Конечно, все это не обязательно переживается на сознательном уровне. В примитивных обществах примерно 10 % всех браков экзогамны – это необходимо, чтобы избежать последствий замкнутого генофонда [Wilson Е. 1975: 553]. Рассказ 1-330 о городских женщинах, ищущих партнеров среди лесных мужчин, по сути, и свидетельствует об инстинктивном следовании этой здоровой модели аутбридинга. Механика этого процесса отчасти строится на влечении людей к «свежей крови», к «противоположностям»: нужно, как считает 1-330, чтобы «половины» человеческого рода «соединились» [247] для взаимной генетической выгоды. Самой 1-330, например, нравятся волосатые руки Д-503: по-видимому, ее влечет «солнечная, лесная кровь», которая, вероятно, течет в его жилах [144, 172, 247, 267, 291]. Д-503 также считает, что «лохматые лапы» – свидетельство его первобытной природы, и связывает с этим свои временами возникающие атавистические реакции [153]. По словам Дж. Коннорса, волосатые руки Д-503 служат «катализатором его кризиса идентичности» [Connors 1975:121]. Следует отметить, что экзогамия имеет нечто общее с гегелевской диалектикой изменения, столь близкой Замятину: сочетание тезиса с антитезисом влечет за собой генетический синтез и продолжение процесса эволюционного развития. Главный герой не единственный продукт столь разнородного наследия. Сходные генетические «изъяны» имеются, наверное, у большей части населения Земли. Врач проговаривается Д-503, что среди нумеров свирепствует эпидемия болезни под названием «душа» – под душой можно понимать «внутренний мир», сознание, психику, которая, конечно же, имеется у каждого человека как часть природного наследия [197]. То же самое признает и «Государственная Газета», сообщая читателям о наличии у всех фантазии: «Вы больны!» [258]. Когда вспыхивает революция, Д-503 повсюду видит масштабные и спонтанные общественные беспорядки, и замешаны в них далеко не одни лишь Мефи.

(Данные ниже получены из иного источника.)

(* Let $(\mathcal{X},\mathcal{F},\sigma)$ be a probability space with an $\alpha$-homogeneous atomic filtration, $0<\alpha\le1/2$, and let $f\in L^1(\mathcal{X})$ be real-valued with $Sf\in L^\infty$ and $\mathbb{E}f=0$. Then for every $\lambda>0$ \[ \bigl|\{x\in\mathcal{X}: f^*(x)>\lambda\}\bigr|\le 2e^{-\alpha\lambda^2/\|Sf\|_\infty^2}. \]
   Context: An atomic filtration on a probability space $(\mathcal{X},\mathcal{F},\sigma)$ is an increasing sequence of $\sigma$-algebras $\mathcal{F}_n\subset\mathcal{F}$, $n\ge0$, with $\mathcal{F}_0=\{\varnothing,\mathcal{X}\}$, $\mathcal{F}$ generated by the $\mathcal{F}_n$, and such that for each $n$ there is a countable collection $\mathcal{D}_n$ of disjoint sets ("cubes") with every set of $\mathcal{F}_n$ a union of sets of $\mathcal{D}_n$. Write $\mathcal{D}=\bigcup_n\mathcal{D}_n$, $|A|=\sigma(A)$, and for $Q\in\mathcal{D}_n$ let $\operatorname{ch}Q=\{R\in\mathcal{D}_{n+1}:R\subset Q\}$. The filtration is $\alpha$-homogeneous if $|Q'|\ge\alpha|Q|$ for every cube $Q$ and every $Q'\in\operatorname{ch}Q$. For $|A|>0$, $\langle f\rangle_A=|A|^{-1}\int_A f$; $\mathbb{E}f=\langle f\rangle_{\mathcal{X}}$. Let $\mathbf{E}_Q f=\langle f\rangle_Q\mathbf{1}_Q$, $\mathbf{E}_nf=\sum_{Q\in\mathcal{D}_n}\mathbf{E}_Qf$, $\Delta_Q=\sum_{R\in\operatorname{ch}Q}\mathbf{E}_R-\mathbf{E}_Q$, and $S f=\bigl(\sum_{Q\in\mathcal{D}}|\Delta_Q f|^2\bigr)^{1/2}$. The martingale maximal function is $f^*(x)=\sup_{n\ge0}|\mathbf{E}_nf(x)|$. *)

theory Defs
  imports "HOL-Probability.Probability"
begin
(* Let $p \geq 1$, let $\boldsymbol \Omega$ be a $p\times p$ positive definite matrix and $\boldsymbol \Psi$ a $p\times p$ non-diagonal positive definite matrix with unit diagonal. Let $\boldsymbol \beta = \boldsymbol s \circ \boldsymbol z$ where $\boldsymbol z \sim \text{normal}(\boldsymbol 0, \boldsymbol \Omega)$ and $\boldsymbol s \sim \text{normal}(\boldsymbol 0, \boldsymbol \Psi)$ are independent (the SPN prior). Then for every $j \in \{1,\dots,p\}$ the marginal prior density of $\beta_j$ at $0$, $$p(\beta_j = 0 \mid \boldsymbol \Psi, \boldsymbol \Omega) = \int_{\mathbb{R}^{p-1}} \int_{\mathbb{R}^p} \Big(\prod_{i=1}^p \frac{1}{|s_i|}\Big)\phi_{\boldsymbol \Omega}(\boldsymbol b/\boldsymbol s)\,\phi_{\boldsymbol \Psi}(\boldsymbol s)\, d\boldsymbol s\, d\boldsymbol b_{-j}\Big|_{b_j = 0},$$ equals $+\infty$.
   Context: $\phi_{\boldsymbol A}$ denotes the $\text{normal}(\boldsymbol 0,\boldsymbol A)$ density, $\boldsymbol b/\boldsymbol s$ is elementwise division, $\circ$ is the elementwise product, and $\boldsymbol b_{-j}$ denotes $\boldsymbol b$ with its $j$-th coordinate removed (the outer integral is over $\boldsymbol b_{-j}$ with $b_j$ fixed at $0$). *)

theory Defs
  imports "HOL-Analysis.Analysis"
begin

definition pos_def_mat :: "real^'n^'n \<Rightarrow> bool" where
  "pos_def_mat A \<longleftrightarrow> transpose A = A \<and> (\<forall>x. x \<noteq> 0 \<longrightarrow> x \<bullet> (A *v x) > 0)"
lemma inner_diff_W_Ws:
  "inner (y - W (Ws y)) (y - W (Ws y)) = inner y y - inner (Ws y) (Ws y)"
proof -
  have "inner y (W (Ws y)) = inner (W (Ws y)) (W (Ws y))"
    by (simp add: inner_W_W inner_commute flip: inner_W_Ws)
  then show ?thesis by (simp add: inner_diff_self_of_projection inner_W_W)
qed

lemma inner_Ws_le: "inner (Ws y) (Ws y) \<le> inner y y"
  using inner_diff_W_Ws[of y] inner_ge_zero[of "y - W (Ws y)"] by linarith

lemma W_Ws_if_inner_le:
  assumes "inner y y \<le> inner (Ws y) (Ws y)"
  shows "W (Ws y) = y"
proof -
  have "inner (y - W (Ws y)) (y - W (Ws y)) = 0"
    using inner_diff_W_Ws[of y] inner_ge_zero[of "y - W (Ws y)"] assms by linarith
  then show ?thesis by simp
qed

lemma subspace_range_W: "subspace (range W)"
  using linear_W subspace_UNIV by (rule linear_subspace_image)

end

section \<open>Row isometries and spherical unitaries\<close>

locale row_isometry =
  fixes n :: nat and V :: "nat \<Rightarrow> 'a::{real_inner,complete_space} \<Rightarrow> 'a"
  assumes bounded_linear_V: "\<And>i. i \<in> {1..n} \<Longrightarrow> bounded_linear (V i)"
    and norm_V: "\<And>i x. i \<in> {1..n} \<Longrightarrow> norm (V i x) = norm x"
    and inner_V_V_orthogonal:
      "\<And>i j x y. i \<in> {1..n} \<Longrightarrow> j \<in> {1..n} \<Longrightarrow> i \<noteq> j \<Longrightarrow> inner (V i x) (V j y) = 0"
begin

lemma inner_V_adj: "i \<in> {1..n} \<Longrightarrow> inner (V i x) y = inner x (adj (V i) y)"
  using bounded_linear_V by (rule inner_adj)

lemma linear_adj_V: "i \<in> {1..n} \<Longrightarrow> linear (adj (V i))"
  by (rule linear_if_adjoint) (rule inner_V_adj)

lemma inner_V_V: "i \<in> {1..n} \<Longrightarrow> inner (V i x) (V i y) = inner x y"
  using bounded_linear_V[THEN bounded_linear.linear] norm_V by (rule inner_isometry)

lemma adj_V_V:
  assumes i: "i \<in> {1..n}" and j: "j \<in> {1..n}"
  shows "adj (V i) (V j x) = (if i = j then x else 0)"
proof -
  have "inner w (adj (V i) (V j x)) = inner (V i w) (V j x)" for w
    by (simp add: inner_V_adj[OF i])
  also have "inner (V i w) (V j x) = inner w (if i = j then x else 0)" for w
    using inner_V_V[OF i] inner_V_V_orthogonal[OF i j] by auto
  finally show ?thesis by (subst vector_eq_ldot[symmetric]) blast
qed

lemma inner_sum_V:
  "inner (\<Sum>i=1..n. V i (a i)) (\<Sum>j=1..n. V j (b j)) = (\<Sum>i=1..n. inner (a i) (b i))"
proof -
  have "inner (\<Sum>i=1..n. V i (a i)) (\<Sum>j=1..n. V j (b j))
      = (\<Sum>j=1..n. \<Sum>i=1..n. inner (a i) (adj (V i) (V j (b j))))"
    by (simp add: inner_sum_left inner_sum_right inner_V_adj)
  also have "\<dots> = (\<Sum>i=1..n. inner (a i) (b i))"
    by (simp add: adj_V_V if_distrib cong: if_cong)
  finally show ?thesis .
qed

lemma sum_inner_adj_V_le: "(\<Sum>i=1..n. inner (adj (V i) y) (adj (V i) y)) \<le> inner y y"
proof -
  define z where "z = (\<Sum>i=1..n. V i (adj (V i) y))"
  have "inner z z = (\<Sum>i=1..n. inner (adj (V i) y) (adj (V i) y))"
    unfolding z_def by (rule inner_sum_V)
  moreover have "inner y z = inner z z"
    unfolding calculation unfolding z_def inner_sum_right
    by (intro sum.cong refl) (subst inner_commute, simp add: inner_V_adj)
  ultimately show ?thesis
    using inner_diff_self_of_projection[of y z] inner_ge_zero[of "y - z"] by linarith
qed

end

locale spherical_unitary =
  fixes n :: nat and T :: "nat \<Rightarrow> 'h::{real_inner,complete_space} \<Rightarrow> 'h"
  assumes bounded_linear_T: "\<And>i. i \<in> {1..n} \<Longrightarrow> bounded_linear (T i)"
    and T_commute: "\<And>i j x. i \<in> {1..n} \<Longrightarrow> j \<in> {1..n} \<Longrightarrow> T i (T j x) = T j (T i x)"
    and T_normal: "\<And>i x. i \<in> {1..n} \<Longrightarrow> T i (adj (T i) x) = adj (T i) (T i x)"
    and sum_T_adj_T: "\<And>x. (\<Sum>i=1..n. T i (adj (T i) x)) = x"
begin

lemma inner_T_adj: "i \<in> {1..n} \<Longrightarrow> inner (T i x) y = inner x (adj (T i) y)"
  using bounded_linear_T by (rule inner_adj)

lemma linear_T: "i \<in> {1..n} \<Longrightarrow> linear (T i)"
  using bounded_linear_T by (rule bounded_linear.linear)

lemma linear_adj_T: "i \<in> {1..n} \<Longrightarrow> linear (adj (T i))"
  by (rule linear_if_adjoint) (rule inner_T_adj)

lemma adj_T_commute:
  assumes i: "i \<in> {1..n}" and j: "j \<in> {1..n}"
  shows "adj (T i) (adj (T j) x) = adj (T j) (adj (T i) x)"
proof -
  have "inner w (adj (T i) (adj (T j) x)) = inner w (adj (T j) (adj (T i) x))" for w
    using T_commute[OF i j] by (simp flip: inner_T_adj[OF i] inner_T_adj[OF j])
  then show ?thesis by (subst vector_eq_ldot[symmetric]) blast
qed

lemma sum_adj_T_T: "(\<Sum>i=1..n. adj (T i) (T i x)) = x"
  using sum_T_adj_T[of x] by (simp add: T_normal)

lemma sum_inner_adj_T: "(\<Sum>i=1..n. inner (adj (T i) x) (adj (T i) x)) = inner x x"
proof -
  have "(\<Sum>i=1..n. inner (adj (T i) x) (adj (T i) x)) = inner (\<Sum>i=1..n. T i (adj (T i) x)) x"
    by (simp add: inner_sum_left inner_T_adj)
  then show ?thesis by (simp only: sum_T_adj_T)
qed
(* Let $F=\{T_1,\dots,T_n\}$ be a finite family of reduction operators relative to a well-ordered set $(G,<)$. Then \[\mathrm{lt}(\mathrm{syz}(F))=\{e_{i,g_0}\mid 2\le i\le n\ \text{and}\ g_0\in\mathrm{red}(U_{i-1}\vee T_i)\},\] where $U_{i-1}=T_1\wedge\dots\wedge T_{i-1}$.
   Context: Let $\mathbb{K}$ be a field, $(G,<)$ a well-ordered set and $\mathbb{K}G$ the vector space with basis $G$. For $v\neq0$, $\mathrm{lt}(v)$ is the greatest element of $G$ appearing with nonzero coefficient in $v$. Extend $<$ to $\mathbb{K}G$: $u<v$ if $u=0$ and $v\neq0$, or if $\mathrm{lt}(u)<\mathrm{lt}(v)$; $u\le v$ means $u<v$ or $u=v$. A reduction operator is an idempotent linear endomorphism $T$ of $\mathbb{K}G$ with $T(g)\le g$ for all $g\in G$; $\mathrm{red}(T)=\{g\in G\mid T(g)\neq g\}$. For every subspace $V$ there is a unique reduction operator $\ker^{-1}(V)$ with kernel $V$; $T\wedge T'=\ker^{-1}(\ker T+\ker T')$, $T\vee T'=\ker^{-1}(\ker T\cap\ker T')$, and $T_1\wedge\dots\wedge T_k=\ker^{-1}(\sum\ker T_j)$; $\wedge F=T_1\wedge\dots\wedge T_n$. Let $\mathbf{ker}(F)=\ker T_1\times\dots\times\ker T_n$, $\pi_F(v_1,\dots,v_n)=v_1+\dots+v_n\in\ker(\wedge F)$ and $\mathrm{syz}(F)=\ker\pi_F$. For $g\in\mathrm{red}(T_i)$, $e_{i,g}$ is the tuple with $g-T_i(g)$ at position $i$ and $0$ elsewhere; these form a basis of $\mathbf{ker}(F)$, well-ordered by $e_{i,g}\sqsubset e_{i',g'}$ iff $i<i'$, or $i=i'$ and $g<g'$. The leading term of a nonzero element of $\mathbf{ker}(F)$ is the $\sqsubset$-greatest $e_{i,g}$ appearing with nonzero coefficient in it, and $\mathrm{lt}(\mathrm{syz}(F))$ is the set of leading terms of nonzero elements of $\mathrm{syz}(F)$. *)

theory Defs
  imports "HOL-Library.Poly_Mapping"
begin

Биология – это не обязательно судьба. Генетическую эволюцию может опережать – и опережает – культурная, в том числе техническое развитие. Конечная евгеническая цель Единого Государства становится совершенно очевидной, когда оно решает обойти отстающий эволюционный процесс, хирургически удалив гражданам фантазию. Иными словами, Государство намерено повернуть процесс эволюции вспять, уничтожив адаптивные компоненты психики. На результаты жутко смотреть. По словам Д-503, «оперированные» нумера похожи на «человекообразные тракторы» [264]. Так же пугает рассказ Ю о том, как она добилась, чтобы школьников связали и подвергли Операции – в этом выразилась ее «беспощадная» любовь [157]. Судя по тому, что Д-503 после Операции равнодушно называет 1-330 «та женщина», хирургическая процедура способствует отсечению сознания от либидо [293].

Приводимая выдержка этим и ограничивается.